As you may have noticed, the game of life seems pretty deep. There are so many patterns to still discover and so many patterns already discovered. All this is actually because The Game Of Life is Turing Complete. So when Alan Turing was building his Turing machine that would eventually give birth to computer science, he had no idea what he had created. The Turing machine was Turing Complete. Turing completeness is a concept in computer science that defines all computing machines.

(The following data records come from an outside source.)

theorem corollary3p4:
  fixes \<alpha> T :: real
    and H :: "real \<Rightarrow> real ^ 'd \<Rightarrow> real \<Rightarrow> real ^ 'd \<Rightarrow> real"
    and u0 :: "real ^ 'd \<Rightarrow> real"
    and u v :: "real \<Rightarrow> real ^ 'd \<Rightarrow> real"
  assumes T_pos: "0 < T" and alpha: "0 < \<alpha>" "\<alpha> < 1"
    and H_per: "\<forall>t x r p k. int_vec k \<longrightarrow> H t (x + k) r p = H t x r p"
    and A1: "continuous_on ({0..T} \<times> UNIV \<times> UNIV \<times> UNIV) (\<lambda>(t,x,r,p). H t x r p)"
    and A2: "\<exists>\<omega>. modulus \<omega> \<and> (\<forall>t x y r p. t \<in> {0..T} \<longrightarrow>
               \<bar>H t x r p - H t y r p\<bar> \<le> \<omega> (norm (x - y) * (1 + norm p)))"
    and A3: "\<forall>t x p r s. t \<in> {0..T} \<longrightarrow> r \<le> s \<longrightarrow> H t x r p \<le> H t x s p"
    and A4: "continuous_on UNIV u0" "periodic_sp u0"
    and u_sol: "visc_sol \<alpha> T H u" and v_sol: "visc_sol \<alpha> T H v"
  shows "(\<forall>t \<in> {0..T}. \<forall>x. \<bar>u t x - v t x\<bar> \<le> (SUP y. \<bar>u 0 y - v 0 y\<bar>)) \<and>
         ((\<forall>x. u 0 x = u0 x) \<and> (\<forall>x. v 0 x = u0 x) \<longrightarrow> (\<forall>t \<in> {0..T}. \<forall>x. u t x = v t x))"
proof -
  have u: "continuous_on ({0..T} \<times> UNIV) (\<lambda>(t,x). u t x)" "visc_sub \<alpha> T H u" "visc_super \<alpha> T H u"
    and v: "continuous_on ({0..T} \<times> UNIV) (\<lambda>(t,x). v t x)" "visc_sub \<alpha> T H v" "visc_super \<alpha> T H v"
    using u_sol v_sol unfolding visc_sol_def by auto
  have "0 \<in> {0..T}" using T_pos by simp
  have u_per: "periodic_x u" and v_per: "periodic_x v" using u(2) v(2) unfolding visc_sub_def by auto
  obtain R where "0 < R" and uR: "\<And>t x. t \<in> {0..T} \<Longrightarrow> \<bar>u t x\<bar> \<le> R"
    and vR: "\<And>t x. t \<in> {0..T} \<Longrightarrow> \<bar>v t x\<bar> \<le> R"
    using periodic_x_bounded_pair[OF u(1) u_per v(1) v_per] by blast
  have "\<bar>u 0 y - v 0 y\<bar> \<le> 2 * R" for y
    using uR[OF \<open>0 \<in> {0..T}\<close>, of y] vR[OF \<open>0 \<in> {0..T}\<close>, of y] abs_triangle_ineq4[of "u 0 y" "v 0 y"] by linarith
  then have "bdd_above (range (\<lambda>y. \<bar>u 0 y - v 0 y\<bar>))" by (rule bdd_aboveI2)
  then have M: "\<bar>u 0 y - v 0 y\<bar> \<le> (SUP y. \<bar>u 0 y - v 0 y\<bar>)" for y by (rule cSUP_upper[OF UNIV_I])
  define S where "S = (SUP y. \<bar>u 0 y - v 0 y\<bar>)"
  have "0 \<le> S" using M[of 0] unfolding S_def by linarith
  have "u 0 y - v 0 y \<le> S" "v 0 y - u 0 y \<le> S" for y using M[of y] unfolding S_def by auto
  then have "u t x - v t x \<le> S" "v t x - u t x \<le> S" if "t \<in> {0..T}" for t x
    using comparison_principle[OF T_pos alpha A1 A2 A3 u(1,2) v(1,3) \<open>0 \<le> S\<close> _ that]
      comparison_principle[OF T_pos alpha A1 A2 A3 v(1,2) u(1,3) \<open>0 \<le> S\<close> _ that] by blast+
  then have "\<forall>t \<in> {0..T}. \<forall>x. \<bar>u t x - v t x\<bar> \<le> S" by (simp add: abs_le_iff)
  moreover have "S = 0" if "\<forall>x. u 0 x = u0 x" "\<forall>x. v 0 x = u0 x" using that unfolding S_def by simp
  ultimately show ?thesis unfolding S_def[symmetric] by force
qed

end
(* For all integers $n,m\ge0$, $$\sum_{k=0}^n\binom{n}{k}H_k(m)=\sum_{j=0}^m\binom{m}{j}\sum_{k=0}^nH_k(j)(-1)^{n-k}2^k\frac{(m-j)!}{(n-k)!}s(n-k,m-j).$$ In particular, $\sum_{k=0}^n\binom{n}{k}H_k=2^n\left(H_n-\sum_{k=1}^n\frac{1}{2^kk}\right)$.
   Context: For integers $m\ge 1$, $n\ge 0$, the multiple harmonic-like numbers are $H_n(m)=\sum_{1\le k_1+k_2+\cdots+k_m\le n}\frac{1}{k_1k_2\cdots k_m}$ (sum over positive integers $k_1,\dots,k_m$), with $H_n(0)=1$ for $n\ge 0$ and $H_0(m)=0$ for $m\ge1$. Equivalently, $\sum_{n\ge0}H_n(m)z^n=\frac{(-\ln(1-z))^m}{1-z}$. $H_n=H_n(1)=\sum_{k=1}^n\frac1k$. The (signed) Stirling numbers of the first kind $s(n,k)$ are defined by $\sum_{n\ge k}s(n,k)\frac{z^n}{n!}=\frac{\ln^k(1+z)}{k!}$, with $s(n,k)=0$ for $n<k$. *)

theory Defs
  imports "HOL-Analysis.Analysis" "HOL-Combinatorics.Stirling"
begin

text \<open>For m = 0 the only tuple is the empty
  one, giving H_n(0) = 1; for n = 0, m \<ge> 1 the sum is empty, giving 0.\<close>
definition mhn :: "nat \<Rightarrow> nat \<Rightarrow> real" where
  "mhn n m = (\<Sum>k \<in> {k \<in> PiE {1..m} (\<lambda>_. {1..n}). (\<Sum>i=1..m. k i) \<le> n}.
                 1 / (\<Prod>i=1..m. real (k i)))"

definition stirling1s :: "nat \<Rightarrow> nat \<Rightarrow> int" where
  "stirling1s n k = (-1) ^ (n - k) * int (stirling n k)"

end

theory Submission
  imports Defs "HOL-Computational_Algebra.Formal_Power_Series"
begin

text \<open>Write \<open>G = 1/(1-x)\<close> and \<open>L = -ln(1-x)\<close>. The generating function of \<open>H\<^sub>n(m)\<close> is
  \<open>G L\<^sup>m\<close>, and the binomial transform of a sequence with generating function \<open>f\<close> has
  generating function \<open>G \<cdot> f(x/(1-x))\<close>. Because \<open>1 - x/(1-x) = (1-2x)/(1-x)\<close>, this substitution
  turns \<open>G\<close> into \<open>G(2x)/G\<close> and \<open>L\<close> into \<open>L(2x) - L\<close>, so the binomial transform of
  \<open>G L\<^sup>m\<close> is \<open>G(2x) (L(2x) - L)\<^sup>m\<close>. Expanding the power binomially and reading off
  coefficients with \<open>[x\<^sup>p] L\<^sup>r = r! |s(p,r)| / p!\<close> gives the identity; the case \<open>m = 1\<close>,
  computed directly, is the harmonic-number formula.\<close>

unbundle no vec_syntax
notation fps_nth (infixl \<open>$\<close> 75)

definition fps_geometric :: "'a::comm_ring_1 fps" where
  "fps_geometric = Abs_fps (\<lambda>_. 1)"

definition fps_neg_ln_one_minus :: "'a::field_char_0 fps" where
  "fps_neg_ln_one_minus = Abs_fps (\<lambda>n. if n = 0 then 0 else 1 / of_nat n)"

definition fps_binomial_transform :: "'a::comm_ring_1 fps \<Rightarrow> 'a fps" where
  "fps_binomial_transform f = Abs_fps (\<lambda>n. \<Sum>k=0..n. of_nat (n choose k) * f $ k)"

lemma fps_geometric_nth [simp]: "fps_geometric $ n = 1"
  by (simp add: fps_geometric_def)

lemma fps_neg_ln_one_minus_nth:
  "fps_neg_ln_one_minus $ n = (if n = 0 then 0 else 1 / of_nat n)"
  by (simp add: fps_neg_ln_one_minus_def)

lemma fps_neg_ln_one_minus_nth_0 [simp]: "fps_neg_ln_one_minus $ 0 = 0"
  by (simp add: fps_neg_ln_one_minus_nth)

lemma one_minus_X_mult_fps_geometric: "(1 - fps_X) * fps_geometric = 1"
  by (simp add: fps_eq_iff algebra_simps)

lemma fps_geometric_mult_nth: "(fps_geometric * f) $ n = (\<Sum>i\<le>n. f $ i)"
  by (simp add: mult.commute[of fps_geometric] fps_mult_nth atLeast0AtMost)

lemma fps_X_geometric_power_nth:
  "(fps_geometric * (fps_X * fps_geometric) ^ k) $ n = of_nat (n choose k)"
proof (induction k arbitrary: n)
  case 0
  show ?case by simp
next
  case (Suc k)
  note IH = Suc.IH
  have shift: "(fps_geometric :: 'a fps) * (fps_X * fps_geometric) ^ Suc k
      = fps_X * (fps_geometric * (fps_geometric * (fps_X * fps_geometric) ^ k))"
    by (simp add: algebra_simps)
  show ?case
  proof (cases n)
    case (Suc n')
    have "((fps_geometric :: 'a fps) * (fps_X * fps_geometric) ^ Suc k) $ n
        = (\<Sum>i\<le>n'. (fps_geometric * (fps_X * fps_geometric) ^ k) $ i)"
      by (simp only: shift Suc fps_X_mult_nth fps_geometric_mult_nth) simp
    also have "\<dots> = of_nat (\<Sum>i\<le>n'. i choose k)"
      by (simp add: IH)
    finally show ?thesis
      by (simp only: Suc sum_choose_upper)
  qed (simp add: shift)
qed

Every programming language you’ve ever worked on (yes, even scratch) is Turing complete. What does it mean to be Turing Complete? Well, a Turing complete system would be able to calculate most mathematical calculations along with most logical ones. The limit to which our computers can computer is so largely infinite that we haven’t discovered it yet. A Turing complete system can create, it can compute and it can terminate data. What I really mean is that if a system is Turing Complete, you can build a computer IN IT! You can build a computer IN the game of life? Oh yes! Another very familiar game that can achieve this is the one and only MINECRAFT. In April 2000, Paul Randell created the first computer in the game of life. This wasn’t the computer you use nowadays; it was the Turing Machine. The exact replica of the Turing machine INSIDE the game of life. It took 1140 generations to repeat a cycle. Then in 2016, Nicolas Loizou made the first EVER 8-bit computer INSIDE the game of life. This was an unbelievable feat. An 8-bit computer inside a game as simple as Life is probably one of the greatest achievements in mathematics humans ever achieved. An 8-bit computer can be related to a modern computer. But wait… that isn’t all. You can ACTUALLY create the Game Of Life INSIDE the Game Of Life. If that isn’t cool, I don’t know what is.
The legacy goes on.
John Conway passed away due to the COVID-19 infection on 11 April 2020. His absence is undoubtedly conspicuous. He was described as a lovely person to spend time with, his wit and humour pleased even the dead. His legacy still lives. His game still lives. In the words of Siobhan Roberts, his biographer, "John Conway is perhaps the most lovable egomaniac he is Archimedes Mick Jagger Salvador Dali and Richard Feynman all rolled into one he is one of the greatest living mathematicians with a sly sense of humour a polymath promiscuous curiosity and a compulsion to explain everything about the world to everyone in it " The game of life clearly changed a lot of the world we see today. It has been a subtle reason for advancements in Mathematics and Computer Science. As the growth of computers moves forward, more and more patterns are added to the list. All this and just 3 simple rules.